» **ASSIGNED TASK**: Look below for the line that contains "1/2)) in h1", then copy it and each following line exactly, through and including the line that contains "the angle is".

» **DATA FOR PROCESSING**:
——————————
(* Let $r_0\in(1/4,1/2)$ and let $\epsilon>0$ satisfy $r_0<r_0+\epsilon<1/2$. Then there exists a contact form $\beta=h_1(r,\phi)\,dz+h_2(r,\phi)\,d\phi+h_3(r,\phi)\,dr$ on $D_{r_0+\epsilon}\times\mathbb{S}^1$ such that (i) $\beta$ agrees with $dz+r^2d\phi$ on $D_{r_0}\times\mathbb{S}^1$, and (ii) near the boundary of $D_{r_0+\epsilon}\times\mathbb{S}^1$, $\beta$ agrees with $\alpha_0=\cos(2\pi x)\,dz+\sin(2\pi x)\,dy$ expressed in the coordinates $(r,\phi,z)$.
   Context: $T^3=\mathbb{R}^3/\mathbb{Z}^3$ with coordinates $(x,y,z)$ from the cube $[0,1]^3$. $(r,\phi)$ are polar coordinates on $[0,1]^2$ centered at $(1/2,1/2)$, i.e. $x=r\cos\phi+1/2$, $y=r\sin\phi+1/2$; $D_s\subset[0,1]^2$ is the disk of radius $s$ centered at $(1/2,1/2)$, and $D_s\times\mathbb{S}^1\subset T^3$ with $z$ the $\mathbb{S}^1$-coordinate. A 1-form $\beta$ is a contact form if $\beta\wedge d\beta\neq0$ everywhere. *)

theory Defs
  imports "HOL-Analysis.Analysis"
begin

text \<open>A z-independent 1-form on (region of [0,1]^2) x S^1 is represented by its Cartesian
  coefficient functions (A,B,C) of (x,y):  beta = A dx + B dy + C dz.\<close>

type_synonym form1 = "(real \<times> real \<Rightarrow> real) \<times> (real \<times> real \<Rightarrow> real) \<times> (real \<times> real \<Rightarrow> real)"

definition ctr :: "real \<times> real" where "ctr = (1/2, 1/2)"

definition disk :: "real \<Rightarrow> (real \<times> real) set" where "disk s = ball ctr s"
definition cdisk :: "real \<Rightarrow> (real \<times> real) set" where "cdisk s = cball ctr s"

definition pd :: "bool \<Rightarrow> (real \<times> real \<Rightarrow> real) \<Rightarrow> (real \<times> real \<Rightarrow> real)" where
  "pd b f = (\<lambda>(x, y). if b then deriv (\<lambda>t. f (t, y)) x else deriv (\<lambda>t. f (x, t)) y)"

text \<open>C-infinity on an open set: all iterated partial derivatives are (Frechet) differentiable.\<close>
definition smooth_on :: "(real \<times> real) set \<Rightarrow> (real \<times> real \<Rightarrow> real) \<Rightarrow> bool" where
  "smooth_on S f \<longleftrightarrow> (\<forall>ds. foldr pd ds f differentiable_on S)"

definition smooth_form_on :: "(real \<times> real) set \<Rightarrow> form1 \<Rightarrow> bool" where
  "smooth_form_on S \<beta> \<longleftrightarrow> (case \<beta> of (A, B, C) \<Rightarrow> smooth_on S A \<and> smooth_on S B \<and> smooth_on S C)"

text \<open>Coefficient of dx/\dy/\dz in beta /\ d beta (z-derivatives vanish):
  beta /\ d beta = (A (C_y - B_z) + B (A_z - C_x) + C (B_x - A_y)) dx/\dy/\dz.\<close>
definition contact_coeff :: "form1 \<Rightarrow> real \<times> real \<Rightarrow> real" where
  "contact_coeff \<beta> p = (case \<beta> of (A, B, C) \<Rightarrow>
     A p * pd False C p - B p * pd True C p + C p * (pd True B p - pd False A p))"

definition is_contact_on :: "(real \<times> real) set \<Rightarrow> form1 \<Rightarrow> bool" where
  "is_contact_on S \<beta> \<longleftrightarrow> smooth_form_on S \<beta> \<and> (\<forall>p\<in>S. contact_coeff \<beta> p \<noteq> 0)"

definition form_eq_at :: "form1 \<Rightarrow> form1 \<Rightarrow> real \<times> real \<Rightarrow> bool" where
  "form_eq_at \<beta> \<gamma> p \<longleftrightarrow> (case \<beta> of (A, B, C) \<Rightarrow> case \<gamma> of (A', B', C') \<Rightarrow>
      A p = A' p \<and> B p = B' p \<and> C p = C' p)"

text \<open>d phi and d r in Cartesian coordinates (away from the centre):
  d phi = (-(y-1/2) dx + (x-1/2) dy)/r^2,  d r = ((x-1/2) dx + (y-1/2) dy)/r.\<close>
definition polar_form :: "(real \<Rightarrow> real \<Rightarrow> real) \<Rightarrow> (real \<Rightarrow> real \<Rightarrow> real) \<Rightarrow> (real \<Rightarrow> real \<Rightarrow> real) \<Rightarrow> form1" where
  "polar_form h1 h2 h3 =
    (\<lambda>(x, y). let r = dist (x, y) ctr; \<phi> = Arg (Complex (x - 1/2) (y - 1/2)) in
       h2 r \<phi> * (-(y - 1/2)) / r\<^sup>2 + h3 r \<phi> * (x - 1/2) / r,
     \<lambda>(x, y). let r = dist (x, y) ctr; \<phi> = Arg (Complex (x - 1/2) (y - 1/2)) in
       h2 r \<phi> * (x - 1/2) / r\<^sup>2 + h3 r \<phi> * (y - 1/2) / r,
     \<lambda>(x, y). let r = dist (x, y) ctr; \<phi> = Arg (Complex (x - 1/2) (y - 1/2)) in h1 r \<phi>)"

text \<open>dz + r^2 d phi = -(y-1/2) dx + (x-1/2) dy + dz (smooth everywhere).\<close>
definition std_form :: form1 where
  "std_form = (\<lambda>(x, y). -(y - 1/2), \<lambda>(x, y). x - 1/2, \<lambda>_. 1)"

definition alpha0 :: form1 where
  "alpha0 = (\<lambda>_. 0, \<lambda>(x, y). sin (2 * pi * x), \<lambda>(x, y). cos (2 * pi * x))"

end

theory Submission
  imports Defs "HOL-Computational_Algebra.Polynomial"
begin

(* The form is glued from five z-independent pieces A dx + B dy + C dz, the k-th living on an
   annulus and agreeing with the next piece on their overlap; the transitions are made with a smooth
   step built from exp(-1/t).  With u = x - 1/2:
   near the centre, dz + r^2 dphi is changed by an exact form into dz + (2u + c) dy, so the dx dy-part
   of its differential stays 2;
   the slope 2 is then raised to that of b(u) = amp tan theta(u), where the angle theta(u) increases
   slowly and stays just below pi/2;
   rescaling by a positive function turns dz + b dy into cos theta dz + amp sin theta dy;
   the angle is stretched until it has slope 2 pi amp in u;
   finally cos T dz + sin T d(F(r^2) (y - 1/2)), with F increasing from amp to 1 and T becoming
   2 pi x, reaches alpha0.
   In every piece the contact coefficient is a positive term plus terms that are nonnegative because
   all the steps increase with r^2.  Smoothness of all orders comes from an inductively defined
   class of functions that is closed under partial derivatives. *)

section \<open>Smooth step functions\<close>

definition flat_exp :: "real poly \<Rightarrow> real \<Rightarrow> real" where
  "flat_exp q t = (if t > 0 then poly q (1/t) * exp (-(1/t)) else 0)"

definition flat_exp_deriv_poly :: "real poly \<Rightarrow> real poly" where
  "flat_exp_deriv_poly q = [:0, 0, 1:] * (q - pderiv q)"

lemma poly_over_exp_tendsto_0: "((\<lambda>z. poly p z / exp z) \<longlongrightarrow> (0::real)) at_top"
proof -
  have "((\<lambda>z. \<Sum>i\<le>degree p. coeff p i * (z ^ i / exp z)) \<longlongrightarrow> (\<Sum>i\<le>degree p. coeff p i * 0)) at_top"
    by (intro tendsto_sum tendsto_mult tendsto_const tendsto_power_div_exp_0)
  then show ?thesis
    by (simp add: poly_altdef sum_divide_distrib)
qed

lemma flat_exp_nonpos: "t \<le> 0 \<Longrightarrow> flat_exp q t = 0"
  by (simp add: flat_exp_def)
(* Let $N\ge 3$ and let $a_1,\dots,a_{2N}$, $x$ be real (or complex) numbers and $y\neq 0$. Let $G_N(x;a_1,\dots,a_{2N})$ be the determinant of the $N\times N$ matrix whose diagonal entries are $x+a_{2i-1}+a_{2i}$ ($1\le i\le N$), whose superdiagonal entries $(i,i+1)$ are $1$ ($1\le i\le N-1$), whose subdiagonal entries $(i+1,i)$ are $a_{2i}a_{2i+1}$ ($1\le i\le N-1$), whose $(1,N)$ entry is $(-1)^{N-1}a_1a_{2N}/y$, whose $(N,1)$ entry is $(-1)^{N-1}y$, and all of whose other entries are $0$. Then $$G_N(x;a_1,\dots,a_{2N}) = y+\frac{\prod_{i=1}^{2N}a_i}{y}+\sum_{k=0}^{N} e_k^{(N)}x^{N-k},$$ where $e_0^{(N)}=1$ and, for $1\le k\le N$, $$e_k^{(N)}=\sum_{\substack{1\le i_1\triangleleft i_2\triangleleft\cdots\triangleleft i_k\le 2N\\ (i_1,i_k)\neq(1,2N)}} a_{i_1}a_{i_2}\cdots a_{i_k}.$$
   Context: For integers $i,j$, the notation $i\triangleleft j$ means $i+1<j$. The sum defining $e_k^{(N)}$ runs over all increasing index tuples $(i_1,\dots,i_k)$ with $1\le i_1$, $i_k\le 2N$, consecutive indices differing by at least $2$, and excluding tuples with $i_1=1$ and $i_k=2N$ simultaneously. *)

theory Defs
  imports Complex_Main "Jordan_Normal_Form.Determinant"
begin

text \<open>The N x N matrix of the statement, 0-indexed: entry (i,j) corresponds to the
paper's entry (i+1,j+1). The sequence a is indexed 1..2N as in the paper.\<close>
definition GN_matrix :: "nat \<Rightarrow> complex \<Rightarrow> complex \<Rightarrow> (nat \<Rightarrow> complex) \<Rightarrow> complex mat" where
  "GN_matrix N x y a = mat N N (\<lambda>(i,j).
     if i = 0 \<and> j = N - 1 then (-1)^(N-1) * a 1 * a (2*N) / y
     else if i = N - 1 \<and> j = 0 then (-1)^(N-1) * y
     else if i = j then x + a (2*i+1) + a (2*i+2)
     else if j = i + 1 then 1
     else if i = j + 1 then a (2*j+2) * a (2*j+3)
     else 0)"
——————————
» **REPLY TO THE EXERCISE**:
     \<lambda>(x, y). let r = dist (x, y) ctr; \<phi> = Arg (Complex (x - 1/2) (y - 1/2)) in h1 r \<phi>)"

text \<open>dz + r^2 d phi = -(y-1/2) dx + (x-1/2) dy + dz (smooth everywhere).\<close>
definition std_form :: form1 where
  "std_form = (\<lambda>(x, y). -(y - 1/2), \<lambda>(x, y). x - 1/2, \<lambda>_. 1)"

definition alpha0 :: form1 where
  "alpha0 = (\<lambda>_. 0, \<lambda>(x, y). sin (2 * pi * x), \<lambda>(x, y). cos (2 * pi * x))"

end

theory Submission
  imports Defs "HOL-Computational_Algebra.Polynomial"
begin

(* The form is glued from five z-independent pieces A dx + B dy + C dz, the k-th living on an
   annulus and agreeing with the next piece on their overlap; the transitions are made with a smooth
   step built from exp(-1/t).  With u = x - 1/2:
   near the centre, dz + r^2 dphi is changed by an exact form into dz + (2u + c) dy, so the dx dy-part
   of its differential stays 2;
   the slope 2 is then raised to that of b(u) = amp tan theta(u), where the angle theta(u) increases
   slowly and stays just below pi/2;
   rescaling by a positive function turns dz + b dy into cos theta dz + amp sin theta dy;
   the angle is stretched until it has slope 2 pi amp in u;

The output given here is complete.